Description of the data here: https://archive.ics.uci.edu/ml/datasets/Mushroom
The data does not contain any headers so set header=FALSE Details here: https://cran.r-project.org/web/packages/data.table/vignettes/datatable-intro.html
Check the data
head(df.mushroom)
## V1 V2 V3 V4 V5 V6 V7 V8 V9 V10 V11 V12 V13 V14 V15 V16 V17 V18 V19 V20
## 1: p x s n t p f c n k e e s s w w p w o p
## 2: e x s y t a f c b k e c s s w w p w o p
## 3: e b s w t l f c b n e c s s w w p w o p
## 4: p x y w t p f c n n e e s s w w p w o p
## 5: e x s g f n f w b k t e s s w w p w o e
## 6: e x y y t a f c b n e c s s w w p w o p
## V21 V22 V23
## 1: k s u
## 2: n n g
## 3: n n m
## 4: k s u
## 5: n a g
## 6: k n g
Now we need to use the provided documentation in order to name the columns with the correct names.
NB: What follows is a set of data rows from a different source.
lemma expectation_Pc:
  assumes "finite (set_pmf \<sigma>)"
    and mean: "a * measure_pmf.expectation \<sigma> (\<lambda>y. y) = b"
    and second: "a * measure_pmf.expectation \<sigma> (\<lambda>y. y^2) = c - \<theta>"
  shows "measure_pmf.expectation \<sigma> (\<lambda>y. Pc a b c x y)
           = 1/2 + \<theta> * (x - measure_pmf.expectation \<sigma> (\<lambda>y. y))"
proof -
  define m1 where "m1 = measure_pmf.expectation \<sigma> (\<lambda>y. y)"
  define m2 where "m2 = measure_pmf.expectation \<sigma> (\<lambda>y. y^2)"
  have "measure_pmf.expectation \<sigma> (\<lambda>y. Pc a b c x y) =
      measure_pmf.expectation \<sigma> (\<lambda>y. (1/2 - b * x^2 + c * x) + (a * x^2 - c) * y + (b - a * x) * y^2)"
    unfolding Pc_as_quadratic by (simp add: power2_eq_square algebra_simps)
  also have "\<dots> = (1/2 - b * x^2 + c * x) + (a * x^2 - c) * m1 + (b - a * x) * m2"
    using assms(1) unfolding m1_def m2_def
    by (simp add: integrable_measure_pmf_finite)
  also have "\<dots> = 1/2 + \<theta> * (x - m1)"
  proof -
    have "b = a * m1" "c = a * m2 + \<theta>"
      using mean second unfolding m1_def m2_def by simp_all
    then show ?thesis by (simp add: algebra_simps)
  qed
  finally show ?thesis unfolding m1_def .
qed

lemma set_pmf_two_point: "set_pmf (two_point q u v) \<subseteq> {u, v}"
  unfolding two_point_def by auto

lemma expectation_two_point:
  assumes "0 \<le> q" "q \<le> 1"
  shows "measure_pmf.expectation (two_point q u v) f = (1 - q) * f u + q * f v"
  unfolding two_point_def using assms by simp

lemma variance_two_point:
  assumes "0 \<le> q" "q \<le> 1"
  shows "measure_pmf.variance (two_point q u v) (\<lambda>x. x) = q * (1 - q) * (v - u)^2"
  using assms by (simp add: expectation_two_point power2_eq_square algebra_simps)

lemma on_domain_two_point:
  assumes "0 \<le> Pc a b c u v" and "Pc a b c u v \<le> 1"
  shows "on_domain a b c (two_point q u v) (two_point q u v)"
  unfolding on_domain_def
proof (intro ballI)
  fix x y assume "x \<in> set_pmf (two_point q u v)" "y \<in> set_pmf (two_point q u v)"
  then have "x \<in> {u, v}" "y \<in> {u, v}" using set_pmf_two_point by auto
  then show "0 \<le> Pc a b c x y \<and> Pc a b c x y \<le> 1"
    using assms by (auto simp: Pc_diag Pc_swap[of a b c v u])
qed

lemma clamped_average_le:
  fixes q s t L :: real
  assumes q: "0 \<le> q" "q \<le> 1" and avg: "(1 - q) * s + q * t = L"
    and "s < 0 \<Longrightarrow> q \<le> L" and "t < 0 \<Longrightarrow> 1 - q \<le> L"
  shows "(1 - q) * min 1 (max 0 s) + q * min 1 (max 0 t) \<le> L"
proof -
  have s_le: "(1 - q) * min 1 (max 0 s) \<le> (if s < 0 then 0 else min (1 - q) ((1 - q) * s))"
    using q by (auto simp: min_def max_def mult_left_le mult_le_cancel_left1)
  have t_le: "q * min 1 (max 0 t) \<le> (if t < 0 then 0 else min q (q * t))"
    using q by (auto simp: min_def max_def mult_left_le mult_le_cancel_left1)
  show ?thesis
    using s_le t_le assms by (auto split: if_splits)
qed

definition symmetric_on_domain_equilibrium ::
  "real \<Rightarrow> real \<Rightarrow> real \<Rightarrow> real \<Rightarrow> real pmf \<Rightarrow> real \<Rightarrow> real \<Rightarrow> bool" where
  "symmetric_on_domain_equilibrium a b c \<theta> \<sigma> m V \<longleftrightarrow>
     mixed_equilibrium a b c \<theta> \<sigma> \<sigma> \<and> on_domain a b c \<sigma> \<sigma>
     \<and> measure_pmf.expectation \<sigma> (\<lambda>x. x) = m
     \<and> measure_pmf.variance \<sigma> (\<lambda>x. x) = V
     \<and> EpayX a b c \<theta> \<sigma> \<sigma> = 1/2 - \<theta> * m
     \<and> EpayY a b c \<theta> \<sigma> \<sigma> = 1/2 - \<theta> * m"

lemma symmetric_on_domain_equilibrium_two_pointI:
  fixes q u v m :: real
  assumes q: "0 < q" "q \<le> 1/2" and uv: "0 \<le> u" "u \<le> v" and \<theta>: "0 \<le> \<theta>"
    and mean: "(1 - q) * u + q * v = m" "a * m = b"
    and second: "a * ((1 - q) * u^2 + q * v^2) = c - \<theta>"
    and lower: "\<And>x. 0 \<le> x \<Longrightarrow> x \<le> m \<Longrightarrow> 0 \<le> Pc a b c x u"
    and upper: "\<And>x. 0 \<le> x \<Longrightarrow> 0 \<le> Pc a b c x v"
  shows "symmetric_on_domain_equilibrium a b c \<theta> (two_point q u v) m (q * (1 - q) * (v - u)^2)"
proof -
  let ?\<sigma> = "two_point q u v"
  have E: "measure_pmf.expectation ?\<sigma> f = (1 - q) * f u + q * f v" for f
    using q by (intro expectation_two_point) auto
  have supp: "set_pmf ?\<sigma> \<subseteq> {u, v}"
    by (rule set_pmf_two_point)
  have fin: "finite (set_pmf ?\<sigma>)"
    using supp by (rule finite_subset) simp
  have Em: "measure_pmf.expectation ?\<sigma> (\<lambda>x. x) = m"
    using mean by (simp add: E)
  have avg: "(1 - q) * Pc a b c x u + q * Pc a b c x v = 1/2 + \<theta> * (x - m)" for x
    using expectation_Pc[OF fin, of a b c \<theta> x] mean second by (simp add: E)
  have Puv: "0 \<le> Pc a b c u v" "Pc a b c u v \<le> 1"
  proof -
    show "0 \<le> Pc a b c u v" using upper uv by simp
    have "m - u = q * (v - u)" using mean(1) by (simp add: algebra_simps)
    moreover have "0 \<le> q * (v - u)" using q uv by simp
    ultimately have "u \<le> m" by simp
    then have "\<theta> * (u - m) \<le> 0" using \<theta> by (simp add: mult_nonneg_nonpos)
    moreover have "q * Pc a b c u v = q * (1/2) + \<theta> * (u - m)"
      using avg[of u] unfolding Pc_diag by (simp add: field_simps)
    ultimately have "q * Pc a b c u v \<le> q * (1/2)" by linarith
    then show "Pc a b c u v \<le> 1" using q by simp
  qed
  have deviation: "measure_pmf.expectation ?\<sigma> (\<lambda>y. Pbar a b c x y) - \<theta> * x \<le> 1/2 - \<theta> * m"
    if x: "0 \<le> x" for x
  proof -
    have "(1 - q) * min 1 (max 0 (Pc a b c x u)) + q * min 1 (max 0 (Pc a b c x v)) \<le> 1/2 + \<theta> * (x - m)"
    proof (rule clamped_average_le[OF _ _ avg])
      show "q \<le> 1/2 + \<theta> * (x - m)" if "Pc a b c x u < 0"
      proof -
        have "m \<le> x" using lower[OF x] that by fastforce
        then have "0 \<le> \<theta> * (x - m)" using \<theta> by simp
        then show ?thesis using q by linarith
      qed
      show "1 - q \<le> 1/2 + \<theta> * (x - m)" if "Pc a b c x v < 0"
        using upper[OF x] that by simp
    qed (use q in auto)
    then show ?thesis by (simp add: E Pbar_def algebra_simps)
  qed
  have "mixed_equilibrium a b c \<theta> ?\<sigma> ?\<sigma>"
    using fin supp uv deviation Em by (intro mixed_equilibrium_symmetricI) auto
  then show ?thesis
    unfolding symmetric_on_domain_equilibrium_def
    using on_domain_two_point[OF Puv] Em variance_two_point[of q u v] q EpayX_self[OF fin] EpayY_self[OF fin] by simp
qed

lemma quadratic_ge_at_clamped_vertex:
  fixes \<alpha> \<beta> \<gamma> x :: real
  assumes \<alpha>: "0 < \<alpha>" and x: "0 \<le> x"
  defines "v \<equiv> max 0 (- \<beta> / (2 * \<alpha>))"
  shows "\<alpha> * v^2 + \<beta> * v + \<gamma> \<le> \<alpha> * x^2 + \<beta> * x + \<gamma>"
proof (cases "0 \<le> \<beta>")
  case True
  then have "v = 0" using \<alpha> by (simp add: v_def divide_nonpos_pos)
  then show ?thesis using True x \<alpha> by simp
next
  case False
  then have v: "v = - \<beta> / (2 * \<alpha>)" using \<alpha> by (simp add: v_def max_def field_simps)
  then have "\<beta> = - 2 * \<alpha> * v" using \<alpha> by simp
  then have "\<alpha> * x^2 + \<beta> * x + \<gamma> - (\<alpha> * v^2 + \<beta> * v + \<gamma>) = \<alpha> * (x - v)^2"
    by (simp add: power2_eq_square algebra_simps)
  moreover have "0 \<le> \<alpha> * (x - v)^2" using \<alpha> by simp
  ultimately show ?thesis by linarith
qed

lemma quadratic_nonneg_on_nonneg:
  fixes \<alpha> \<beta> \<gamma> x :: real
  assumes \<alpha>: "0 < \<alpha>" and \<gamma>: "0 \<le> \<gamma>" and \<beta>: "0 \<le> \<beta> \<or> \<beta>^2 \<le> 4 * \<alpha> * \<gamma>" and x: "0 \<le> x"
  shows "0 \<le> \<alpha> * x^2 + \<beta> * x + \<gamma>"
  using \<beta>
proof
  assume "0 \<le> \<beta>"
  then show ?thesis using \<alpha> \<gamma> x by simp
next
  assume disc: "\<beta>^2 \<le> 4 * \<alpha> * \<gamma>"
  have "4 * \<alpha> * (\<alpha> * x^2 + \<beta> * x + \<gamma>) = (2 * \<alpha> * x + \<beta>)^2 + (4 * \<alpha> * \<gamma> - \<beta>^2)"
    by (simp add: power2_eq_square algebra_simps)
  also have "\<dots> \<ge> 0" using disc by simp
  finally show ?thesis using \<alpha> by (simp add: zero_le_mult_iff)
qed

lemma symmetric_two_point_equilibrium:
  fixes a b c \<theta> k s :: real
  assumes a: "0 < a" and \<theta>: "0 < \<theta>" and s: "0 < s" "s \<le> k"
    and b: "b = a * k" and c: "c = a * (k^2 + s^2) + \<theta>"
    and at_zero: "0 \<le> Pc a b c 0 (k - s)"
    and at_vertex: "0 \<le> Pc a b c (max 0 (k - \<theta> / (2 * a * s))) (k + s)"
  shows "symmetric_on_domain_equilibrium a b c \<theta> (two_point (1/2) (k - s) (k + s)) k (s^2)"
proof -
  have upper: "0 \<le> Pc a b c x (k + s)" if x: "0 \<le> x" for x
  proof -
    have quad: "Pc a b c y (k + s) = a * s * y^2 + (\<theta> - 2 * a * k * s) * y + Pc a b c 0 (k + s)"
      for y unfolding Pc_as_quadratic b c by (simp add: power2_eq_square algebra_simps)
    have "max 0 (- (\<theta> - 2 * a * k * s) / (2 * (a * s))) = max 0 (k - \<theta> / (2 * a * s))"
      using a s by (simp add: field_simps)
    then have "Pc a b c (max 0 (k - \<theta> / (2 * a * s))) (k + s) \<le> Pc a b c x (k + s)"
      using quadratic_ge_at_clamped_vertex[of "a * s" x "\<theta> - 2 * a * k * s"] a s x
      unfolding quad[of x] quad[of "max 0 (k - \<theta> / (2 * a * s))"] by simp
    then show ?thesis using at_vertex by simp
  qed
  have lower: "0 \<le> Pc a b c x (k - s)" if x: "0 \<le> x" "x \<le> k" for x
  proof -
    \<comment> \<open>\<open>Pc \<cdot> (k - s)\<close> is concave, hence above its chord on \<open>[0, k]\<close>\<close>
    have chord: "k * Pc a b c x (k - s)
        = (k - x) * Pc a b c 0 (k - s) + x * Pc a b c k (k - s) + a * s * k * x * (k - x)"
      unfolding Pc_as_quadratic b c by (simp add: power2_eq_square field_simps)
    have "Pc a b c k (k - s) = 1/2 + s * (a * s^2 + \<theta>)"
      unfolding Pc_def b c by (simp add: power2_eq_square algebra_simps)
    then have "0 \<le> Pc a b c k (k - s)" using a s \<theta> by simp
    then have "0 \<le> k * Pc a b c x (k - s)"
      unfolding chord using x a s at_zero by (intro add_nonneg_nonneg mult_nonneg_nonneg) auto
    then show ?thesis using s by (simp add: zero_le_mult_iff)
  qed
  have "symmetric_on_domain_equilibrium a b c \<theta> (two_point (1/2) (k - s) (k + s)) k
      (1/2 * (1 - 1/2) * ((k + s) - (k - s))^2)"
  proof (rule symmetric_on_domain_equilibrium_two_pointI)
    show "(1 - 1/2) * (k - s) + 1/2 * (k + s) = k" by (simp add: field_simps)
    show "a * ((1 - 1/2) * (k - s)^2 + 1/2 * (k + s)^2) = c - \<theta>"
      unfolding c by (simp add: power2_eq_square field_simps)
  qed (use s \<theta> b lower upper in auto)
  then show ?thesis by (simp add: power2_eq_square)
qed

lemma endpoint_discriminant_bound:
  fixes \<alpha> \<theta> z :: real
  assumes z: "0 < z" and \<theta>: "0 \<le> \<theta>" and steep: "\<theta> < \<alpha> * z" and tz: "2 * \<theta> * z \<le> 1"
    and cap: "\<alpha> * z^2 \<le> 1 - \<theta> * z + sqrt (1 - 2 * \<theta> * z)"
  shows "(\<theta> - \<alpha> * z)^2 \<le> 2 * \<alpha> * (1 - 2 * \<theta> * z)"
proof -
  define R where "R = sqrt (1 - 2 * \<theta> * z)"
  define t where "t = \<alpha> * z^2"
  have R: "0 \<le> R" "R \<le> 1" "R^2 = 1 - 2 * \<theta> * z"
    unfolding R_def using tz \<theta> z by simp_all
  \<comment> \<open>the roots in \<open>t\<close> of \<open>(t - \<theta> z)\<^sup>2 - 2 t R\<^sup>2\<close> are \<open>1 - \<theta> z \<plusminus> R\<close>\<close>
  have "(t - (1 - \<theta> * z + R)) * (t - (1 - \<theta> * z - R)) = (t - (1 - \<theta> * z))^2 - R^2"
    by (simp add: power2_eq_square algebra_simps)
  also have "\<dots> = (t - \<theta> * z)^2 - 2 * t * R^2"
    unfolding R(3) by (simp add: power2_eq_square algebra_simps)
  finally have factor: "(t - \<theta> * z)^2 - 2 * t * R^2 = (t - (1 - \<theta> * z + R)) * (t - (1 - \<theta> * z - R))"
    by simp
  have "t - (1 - \<theta> * z + R) \<le> 0"
    using cap unfolding t_def R_def by simp
  moreover have "0 \<le> t - (1 - \<theta> * z - R)"
  proof -
    have "\<theta> * z < t" using steep z unfolding t_def power2_eq_square
      by (metis mult.assoc mult_strict_right_mono)
    moreover have "R^2 \<le> R" using R(1,2) mult_right_mono[of R 1 R] by (simp add: power2_eq_square)
    ultimately show ?thesis using R(3) by simp
  qed
  ultimately have "(t - \<theta> * z)^2 - 2 * t * R^2 \<le> 0"
    unfolding factor by (simp add: mult_nonpos_nonneg)
  moreover have "(t - \<theta> * z)^2 - 2 * t * R^2 = z^2 * ((\<theta> - \<alpha> * z)^2 - 2 * \<alpha> * R^2)"
    unfolding t_def by (simp add: power2_eq_square algebra_simps)
  ultimately have "(\<theta> - \<alpha> * z)^2 - 2 * \<alpha> * R^2 \<le> 0"
    using z by (simp add: mult_le_0_iff)
  then show ?thesis using R(3) by simp
qed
Lets create a vector that has all the column names. We can append this vector to the columns to assign column names This handy tutorial details the process I used: http://rprogramming.net/rename-columns-in-r/
Append the column names to the dataframe
colnames(df.mushroom) <- mushroom.col
df.mushroomb<-subset(df.mushroom, select=c('class', 'capshape', 'odor', 'spore_print_color'))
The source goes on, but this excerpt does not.